By analyzing existing cross correlation between Wanhua Chemical Group and Weihai Guangwei Composites, you can compare the effects of market volatilities on Wanhua Chemical and Weihai Guangwei and check how they will diversify away market risk if combined in the same portfolio for a given time horizon. You can also utilize pair trading strategies of matching a long position in Wanhua Chemical with a short position of Weihai Guangwei. Check out your portfolio center. Please also check ongoing floating volatility patterns of Wanhua Chemical and Weihai Guangwei.

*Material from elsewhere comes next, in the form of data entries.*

lemma char_poly_L1:
  fixes a C :: "nat \<Rightarrow> complex"
  assumes p: "p \<ge> 1" and a_nz: "\<forall>i\<le>N. a i \<noteq> 0"
    and C_rec: "\<forall>k\<ge>N+2. \<forall>l\<in>{1..p}.
        S1 p N a l k = (\<Sum>v=0..N+1. C v * S1 p N a l (k - v - 1))"
  shows "char_poly (L1 p N a) = monom 1 (N+2) - (\<Sum>v=0..N+1. monom (C v) (N+1-v))"
proof -
  have L1: "L1 p N a = band_mat (N+2) p (\<lambda>i. a (i - 1)) (\<lambda>_. 1)"
    using p by (simp add: L1_eq_band_mat)
  have "char_poly (band_mat (N+2) p (\<lambda>i. a (i - 1)) (\<lambda>_. 1))
      = monom 1 (N+2) - (\<Sum>v<N+2. monom (C v) (N+2 - 1 - v))"
  proof (rule char_poly_band_mat)
    fix k l assume k: "N+2 \<le> k" and l: "l < p"
    have "S1 p N a (Suc l) k = (\<Sum>v<N+2. C v * S1 p N a (Suc l) (k - v - 1))"
      using C_rec k l by (simp add: atLeast0AtMost lessThan_Suc_atMost)
    then show "(band_mat (N+2) p (\<lambda>i. a (i - 1)) (\<lambda>_. 1) ^\<^sub>m k) $$ (l,0) =
      (\<Sum>v<N+2. C v * (band_mat (N+2) p (\<lambda>i. a (i - 1)) (\<lambda>_. 1) ^\<^sub>m (k - v - 1)) $$ (l,0))"
      by (simp add: S1_def L1)
  qed (use p a_nz in auto)
  then show ?thesis
    by (simp add: L1 atLeast0AtMost lessThan_Suc_atMost)
qed

lemma char_poly_L2:
  fixes b Ct :: "nat \<Rightarrow> complex"
  assumes p: "p \<ge> 1" and b_nz: "\<forall>i\<le>N. b i \<noteq> 0"
    and Ct_rec: "\<forall>k\<ge>N+p+1. \<forall>l\<in>{1..p}.
        S2 p N b l k = (\<Sum>v=0..N+p. Ct v * S2 p N b l (k - v - 1))"
  shows "char_poly (L2 p N b) = monom 1 (N+p+1) - (\<Sum>v=0..N+p. monom (Ct v) (N+p-v))"
proof -
  have L2: "L2 p N b \<in> carrier_mat (N+p+1) (N+p+1)" by (simp add: L2_def)
  have S2_band: "S2 p N b (Suc l) k = (band_mat (N+p+1) p (\<lambda>_. 1) b ^\<^sub>m k) $$ (l,0)"
    if "l < N+p+1" for l k
  proof -
    have "(band_mat (N+p+1) p (\<lambda>_. 1) b ^\<^sub>m k) $$ (l,0) = transpose_mat (L2 p N b ^\<^sub>m k) $$ (l,0)"
      by (simp only: transpose_L2_eq_band_mat[symmetric] transpose_pow_mat[OF L2])
    then show ?thesis using that L2 by (simp add: S2_def)
  qed
  have "char_poly (band_mat (N+p+1) p (\<lambda>_. 1) b)
      = monom 1 (N+p+1) - (\<Sum>v<N+p+1. monom (Ct v) (N+p+1 - 1 - v))"
  proof (rule char_poly_band_mat)
    fix k l assume k: "N+p+1 \<le> k" and l: "l < p"
    have "S2 p N b (Suc l) k = (\<Sum>v<N+p+1. Ct v * S2 p N b (Suc l) (k - v - 1))"
      using Ct_rec k l by (simp add: atLeast0AtMost lessThan_Suc_atMost)
    then show "(band_mat (N+p+1) p (\<lambda>_. 1) b ^\<^sub>m k) $$ (l,0) =
      (\<Sum>v<N+p+1. Ct v * (band_mat (N+p+1) p (\<lambda>_. 1) b ^\<^sub>m (k - v - 1)) $$ (l,0))"
      using l by (simp add: S2_band)
  qed (use p b_nz in auto)
  then show ?thesis
    using char_poly_transpose_mat[OF L2]
    by (simp add: transpose_L2_eq_band_mat atLeast0AtMost lessThan_Suc_atMost)
qed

Diversification Opportunities for Wanhua Chemical and Weihai Guangwei

0.62
  Correlation Coefficient

Poor diversification

The 3 months correlation between Wanhua and Weihai is 0.62. Overlapping area represents the amount of risk that can be diversified away by holding Wanhua Chemical Group and Weihai Guangwei Composites in the same portfolio, assuming nothing else is changed. The correlation between historical prices or returns on Weihai Guangwei Comp and Wanhua Chemical is a relative statistical measure of the degree to which these equity instruments tend to move together. The correlation coefficient measures the extent to which returns on Wanhua Chemical Group are associated (or correlated) with Weihai Guangwei. Values of the correlation coefficient range from -1 to +1, where. The correlation of zero (0) is possible when the price movement of Weihai Guangwei Comp has no effect on the direction of Wanhua Chemical i.e., Wanhua Chemical and Weihai Guangwei go up and down completely randomly.

Pair Corralation between Wanhua Chemical and Weihai Guangwei

Assuming the 90 days trading horizon Wanhua Chemical Group is expected to generate 0.51 times more return on investment than Weihai Guangwei. However, Wanhua Chemical Group is 1.97 times less risky than Weihai Guangwei. It trades about -0.23 of its potential returns per unit of risk. Weihai Guangwei Composites is currently generating about -0.14 per unit of risk. If you would invest  7,960  in Wanhua Chemical Group on August 29, 2024 and sell it today you would lose (670.00) from holding Wanhua Chemical Group or give up 8.42% of portfolio value over 90 days.
Time Period3 Months [change]
DirectionMoves Together 
StrengthSignificant
Accuracy100.0%
ValuesDaily Returns

Wanhua Chemical Group  vs.  Weihai Guangwei Composites

 Performance 
       Timeline  
Wanhua Chemical Group 

Risk-Adjusted Performance

2 of 100

 
Weak
 
Strong
Weak
Compared to the overall equity markets, risk-adjusted returns on investments in Wanhua Chemical Group are ranked lower than 2 (%) of all global equities and portfolios over the last 90 days. Despite somewhat strong basic indicators, Wanhua Chemical is not utilizing all of its potentials. The current stock price disturbance, may contribute to short-term losses for the investors.
Weihai Guangwei Comp 

Risk-Adjusted Performance

7 of 100

 
Weak
 
Strong
OK
Compared to the overall equity markets, risk-adjusted returns on investments in Weihai Guangwei Composites are ranked lower than 7 (%) of all global equities and portfolios over the last 90 days. Despite somewhat weak basic indicators, Weihai Guangwei sustained solid returns over the last few months and may actually be approaching a breakup point.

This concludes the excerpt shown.